Issue with GPU allocation (only occurs when running SAC not PPO) #1431

AlexS28 · 2024-02-19T23:21:48Z

Hi, I am trying to run my environment using MJX, and everything works perfectly fine when I use PPO. When using PPO I can easily go to over 8000 environments, with batch size over 1000 without any memory issues. However, no matter what setting I try when running SAC, it becomes a different story (even with a batch size of 32, and 1 environment it fails). I just cannot avoid running into the memory allocation issue copy/pasted below. Any help would be greatly appreciated, because for my particular environment (through trying it using other simulators) it can only really train using the SAC algorithm not PPO, so I really do need to use SAC. Any help would be greatly appreciated.

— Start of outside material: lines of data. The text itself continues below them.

lemma visc_super_ell_ge_diag_quad:
  fixes c :: "'n::finite \<Rightarrow> real" and \<Omega> :: "(real^'n) set"
  assumes z: "bounded \<Omega>" "continuous_on (closure \<Omega>) z" "visc_super_ell j \<Omega> z"
    and bdry: "\<And>x. x \<in> frontier \<Omega> \<Longrightarrow> diag_quad c x0 x \<le> z x"
    and I: "card I = CARD('n) + 1 - j" "1 \<le> j" "j \<le> CARD('n)" "\<And>i. i \<in> I \<Longrightarrow> 0 \<le> c i"
    and x: "x \<in> closure \<Omega>"
  shows "diag_quad c x0 x \<le> z x"
proof (rule field_le_epsilon)
  fix e :: real assume "0 < e"
  obtain R where R: "0 < R" "\<And>y. y \<in> closure \<Omega> \<Longrightarrow> (norm (y - x0))\<^sup>2 \<le> R"
    using bounded_sq_dist_bound bounded_closure z(1) by blast
  define \<epsilon> where "\<epsilon> = e / R"
  have \<epsilon>: "0 < \<epsilon>" "\<epsilon> * R = e" using \<open>0 < e\<close> R(1) by (simp_all add: \<epsilon>_def)
  have W: "diag_quad (\<lambda>i. c i + \<epsilon>) x0 y - e = diag_quad c x0 y - (e - \<epsilon> * (norm (y - x0))\<^sup>2)" for y
    by (simp add: diag_quad_add diag_quad_const)
  have "diag_quad (\<lambda>i. c i + \<epsilon>) x0 x + - e \<le> z x"
  proof (rule visc_super_ell_ge_strict_subsolution[OF z C2_with_diag_quad _ _ x])
    have "2 * \<epsilon> \<le> lambda_j j (diag_mat (\<lambda>i. 2 * (c i + \<epsilon>)))"
      by (rule lambda_j_diag_mat_ge[OF I(1-3)]) (simp add: I(4))
    then show "0 < lambda_j j (diag_mat (\<lambda>i. 2 * (c i + \<epsilon>)))" for y using \<epsilon> by linarith
    fix y assume "y \<in> frontier \<Omega>"
    then have "\<epsilon> * (norm (y - x0))\<^sup>2 \<le> \<epsilon> * R"
      using R(2)[of y] \<epsilon>(1) by (simp add: frontier_def)
    then have "\<epsilon> * (norm (y - x0))\<^sup>2 \<le> e" using \<epsilon>(2) by simp
    then show "diag_quad (\<lambda>i. c i + \<epsilon>) x0 y + - e \<le> z y" using bdry[OF \<open>y \<in> frontier \<Omega>\<close>] W by simp
  qed
  moreover have "0 \<le> \<epsilon> * (norm (x - x0))\<^sup>2" using \<epsilon>(1) by simp
  ultimately show "diag_quad c x0 x \<le> z x + e" using W[of x] by linarith
qed

lemma visc_super_par_ge_diag_quad:
  fixes c :: "'n::finite \<Rightarrow> real" and \<Omega> :: "(real^'n) set"
  assumes u: "visc_super_par j \<Omega> u" "continuous_on (closure \<Omega> \<times> {0..}) (\<lambda>(x, t). u x t)"
    and \<Omega>: "open \<Omega>" "bounded \<Omega>"
    and lateral: "\<And>x t. x \<in> frontier \<Omega> \<Longrightarrow> 0 < t \<Longrightarrow> diag_quad c x0 x \<le> u x t"
    and init: "\<And>x. x \<in> closure \<Omega> \<Longrightarrow> diag_quad c x0 x \<le> u x 0"
    and I: "card I = CARD('n) + 1 - j" "1 \<le> j" "j \<le> CARD('n)" "\<And>i. i \<in> I \<Longrightarrow> 0 \<le> c i"
    and x: "x \<in> closure \<Omega>" "0 \<le> t"
  shows "diag_quad c x0 x \<le> u x t"
proof (rule field_le_epsilon)
  fix e :: real assume "0 < e"
  define \<epsilon> where "\<epsilon> = e / (1 + t)"
  have \<epsilon>: "0 < \<epsilon>" "\<epsilon> * (1 + t) = e" using \<open>0 < e\<close> x(2) by (simp_all add: \<epsilon>_def)
  have "0 \<le> lambda_j j (diag_mat (\<lambda>i. 2 * c i))"
    by (rule lambda_j_diag_mat_ge[OF I(1-3)]) (simp add: I(4))
  then have "diag_quad c x0 x + - \<epsilon> * (1 + t) \<le> u x t"
  proof (intro visc_super_par_ge_strict_subsolution[OF u compact_closure[THEN iffD2, OF \<Omega>(2)] order_refl
        \<Omega>(1) closure_subset order_refl C21_with_add_time[OF C21_with_diag_quad, of _ "\<lambda>r. - \<epsilon>"] _ _ _ x])
    fix y and r :: real assume "y \<in> closure \<Omega> - \<Omega>" "0 < r"
    then show "diag_quad c x0 y + - \<epsilon> * (1 + r) \<le> u y r"
      using lateral[of y r] closure_Un_frontier[of \<Omega>] mult_pos_pos[OF \<epsilon>(1), of "1 + r"] by auto
  next
    fix y assume "y \<in> closure \<Omega>"
    then show "diag_quad c x0 y + - \<epsilon> * (1 + 0) \<le> u y 0" using init[of y] \<epsilon>(1) by simp
  qed (use \<epsilon>(1) in \<open>auto intro!: derivative_eq_intros continuous_intros\<close>)
  then show "diag_quad c x0 x \<le> u x t + e" using \<epsilon>(2) by simp
qed

lemma visc_sub_par_le_diag_quad:
  fixes c :: "'n::finite \<Rightarrow> real" and \<Omega> :: "(real^'n) set"
  assumes u: "visc_sub_par j \<Omega> u" "continuous_on (closure \<Omega> \<times> {0..}) (\<lambda>(x, t). u x t)"
    and \<Omega>: "open \<Omega>" "bounded \<Omega>"
    and lateral: "\<And>x t. x \<in> frontier \<Omega> \<Longrightarrow> 0 < t \<Longrightarrow> u x t \<le> diag_quad c x0 x"
    and init: "\<And>x. x \<in> closure \<Omega> \<Longrightarrow> u x 0 \<le> diag_quad c x0 x"
    and I: "card I = j" "1 \<le> j" "\<And>i. i \<in> I \<Longrightarrow> c i \<le> 0"
    and x: "x \<in> closure \<Omega>" "0 \<le> t"
  shows "u x t \<le> diag_quad c x0 x"
proof (rule field_le_epsilon)
  fix e :: real assume "0 < e"
  define \<epsilon> where "\<epsilon> = e / (1 + t)"
  have \<epsilon>: "0 < \<epsilon>" "\<epsilon> * (1 + t) = e" using \<open>0 < e\<close> x(2) by (simp_all add: \<epsilon>_def)
  have "lambda_j j (diag_mat (\<lambda>i. 2 * c i)) \<le> 0"
    by (rule lambda_j_diag_mat_le[OF I(1,2)]) (simp add: I(3))
  then have "u x t \<le> diag_quad c x0 x + \<epsilon> * (1 + t)"
  proof (intro visc_sub_par_le_strict_supersolution[OF u compact_closure[THEN iffD2, OF \<Omega>(2)] order_refl
        \<Omega>(1) closure_subset order_refl C21_with_add_time[OF C21_with_diag_quad, of _ "\<lambda>r. \<epsilon>"] _ _ _ x])
    fix y and r :: real assume "y \<in> closure \<Omega> - \<Omega>" "0 < r"
    then show "u y r \<le> diag_quad c x0 y + \<epsilon> * (1 + r)"
      using lateral[of y r] closure_Un_frontier[of \<Omega>] mult_pos_pos[OF \<epsilon>(1), of "1 + r"] by auto
  next
    fix y assume "y \<in> closure \<Omega>"
    then show "u y 0 \<le> diag_quad c x0 y + \<epsilon> * (1 + 0)" using init[of y] \<epsilon>(1) by simp
  qed (use \<epsilon>(1) in \<open>auto intro!: derivative_eq_intros continuous_intros\<close>)
  then show "u x t \<le> diag_quad c x0 x + e" using \<epsilon>(2) by simp
qed

section \<open>A heat-mode barrier on a cylinder\<close>

definition cylinder :: "'n \<Rightarrow> real^'n \<Rightarrow> real \<Rightarrow> (real^'n) set" where
  "cylinder i x0 \<rho> = {x. \<bar>x $ i - x0 $ i\<bar> \<le> \<rho> \<and> diag_quad (\<lambda>k. of_bool (k \<noteq> i)) x0 x \<le> \<rho>\<^sup>2}"

definition open_cylinder :: "'n \<Rightarrow> real^'n \<Rightarrow> real \<Rightarrow> (real^'n) set" where
  "open_cylinder i x0 \<rho> = {x. \<bar>x $ i - x0 $ i\<bar> < \<rho> \<and> diag_quad (\<lambda>k. of_bool (k \<noteq> i)) x0 x < \<rho>\<^sup>2}"

lemma norm_diff_sq_split:
  "(norm (x - x0))\<^sup>2 = (x $ i - x0 $ i)\<^sup>2 + diag_quad (\<lambda>k. of_bool (k \<noteq> i)) x0 x"
proof -
  have "diag_quad (\<lambda>k. of_bool (k \<noteq> i)) x0 x = diag_quad (\<lambda>k. 1 - of_bool (k = i)) x0 x"
    by (rule arg_cong[where f = "\<lambda>c. diag_quad c x0 x"]) auto
  also have "\<dots> = (norm (x - x0))\<^sup>2 - (x $ i - x0 $ i)\<^sup>2"
    by (simp add: diag_quad_diff diag_quad_const) (simp add: diag_quad_def)
  finally show ?thesis by simp
qed

lemma center_in_cylinder: "0 \<le> \<rho> \<Longrightarrow> x0 \<in> cylinder i x0 \<rho>"
  by (simp add: cylinder_def)

lemma cylinder_subset_cball:
  assumes "0 \<le> \<rho>"
  shows "cylinder i x0 \<rho> \<subseteq> cball x0 (2 * \<rho>)"
proof
  fix x assume x: "x \<in> cylinder i x0 \<rho>"
  have "\<bar>x $ i - x0 $ i\<bar>\<^sup>2 \<le> \<rho>\<^sup>2"
    using x by (intro power_mono) (simp_all add: cylinder_def)
  moreover have "diag_quad (\<lambda>k. of_bool (k \<noteq> i)) x0 x \<le> \<rho>\<^sup>2"
    using x by (simp add: cylinder_def)
  moreover have "(norm (x - x0))\<^sup>2 = \<bar>x $ i - x0 $ i\<bar>\<^sup>2 + diag_quad (\<lambda>k. of_bool (k \<noteq> i)) x0 x"
    using norm_diff_sq_split[of x x0 i] by simp
  moreover have "(2 * \<rho>)\<^sup>2 = 4 * \<rho>\<^sup>2" by (simp add: power_mult_distrib)
  ultimately have "(norm (x - x0))\<^sup>2 \<le> (2 * \<rho>)\<^sup>2"
    using zero_le_power2[of \<rho>] by linarith
  then have "norm (x - x0) \<le> 2 * \<rho>"
    by (rule power2_le_imp_le) (use assms in simp)
  then show "x \<in> cball x0 (2 * \<rho>)"
    by (simp add: dist_norm norm_minus_commute)
qed

lemma compact_cylinder:
  assumes "0 \<le> \<rho>"
  shows "compact (cylinder i x0 \<rho>)"
  unfolding compact_eq_bounded_closed
proof
  show "bounded (cylinder i x0 \<rho>)"
    using cylinder_subset_cball[OF assms] bounded_cball bounded_subset by blast
  show "closed (cylinder i x0 \<rho>)"
    unfolding cylinder_def Collect_conj_eq
    by (intro closed_Int closed_Collect_le continuous_on_diag_quad continuous_intros)
qed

My computer has a Nvidia 4090 GPU.

Running this training:
train_fn = functools.partial(
sac.train, num_timesteps=30_000_000, num_evals=1,
episode_length=INITIAL_PARAMS.RL_PARAMS.MAX_EPISODE_TIMESTEPS, normalize_observations=True, action_repeat=1,
num_envs=1, batch_size = 32, seed=0)

Getting this error:
2024-02-19 15:14:56.882326: W external/xla/xla/service/hlo_rematerialization.cc:2941] Can't reduce memory use below -30.29GiB (-32529110990 bytes) by rematerialization; only reduced to 49.62GiB (53280000080 bytes), down from 49.62GiB (53280000080 bytes) originally
2024-02-19 15:15:06.899957: W external/tsl/tsl/framework/bfc_allocator.cc:487] Allocator (GPU_0_bfc) ran out of memory trying to allocate 49.62GiB (rounded to 53280000000)requested by op
2024-02-19 15:15:06.900601: W external/tsl/tsl/framework/bfc_allocator.cc:499] ____******
E0219 15:15:06.900728 6066 pjrt_stream_executor_client.cc:2766] Execution of replica 0 failed: RESOURCE_EXHAUSTED: Out of memory while trying to allocate 53280000000 bytes.
BufferAssignment OOM Debugging.
BufferAssignment stats:
parameter allocation: 8B
constant allocation: 8B
maybe_live_out allocation: 49.62GiB
preallocated temp allocation: 160B
total allocation: 49.62GiB
total fragmentation: 168B (0.00%)
Peak buffers:
Buffer 1:
Size: 49.62GiB
Operator: op_name="pmap(init)/jit(main)/broadcast_in_dim[shape=(30000000, 444) broadcast_dimensions=()]" source_file="/home/sclaer/ASCENT_biped/venv/lib/python3.10/site-packages/brax/training/replay_buffers.py" source_line=112
XLA Label: fusion
Shape: f32[30000000,444]
==========================

Buffer 2:
	Size: 32B
	XLA Label: tuple
	Shape: (f32[30000000,444], s32[], s32[], u32[2])
	==========================

Buffer 3:
	Size: 32B
	XLA Label: tuple
	Shape: (f32[30000000,444], s32[], s32[], u32[2])
	==========================

Buffer 4:
	Size: 16B
	XLA Label: fusion
	Shape: (s32[], s32[])
	==========================

Buffer 5:
	Size: 8B
	Entry Parameter Subshape: u32[2]
	==========================

Buffer 6:
	Size: 8B
	XLA Label: fusion
	Shape: u32[2]
	==========================

Buffer 7:
	Size: 4B
	XLA Label: fusion
	Shape: s32[]
	==========================

Buffer 8:
	Size: 4B
	XLA Label: fusion
	Shape: s32[]
	==========================

Buffer 9:
	Size: 4B
	XLA Label: constant
	Shape: f32[]
	==========================

Buffer 10:
	Size: 4B
	XLA Label: constant
	Shape: s32[]
	==========================

jax.errors.SimplifiedTraceback: For simplicity, JAX has removed its internal frames from the traceback of the following exception. Set JAX_TRACEBACK_FILTERING=off to include these.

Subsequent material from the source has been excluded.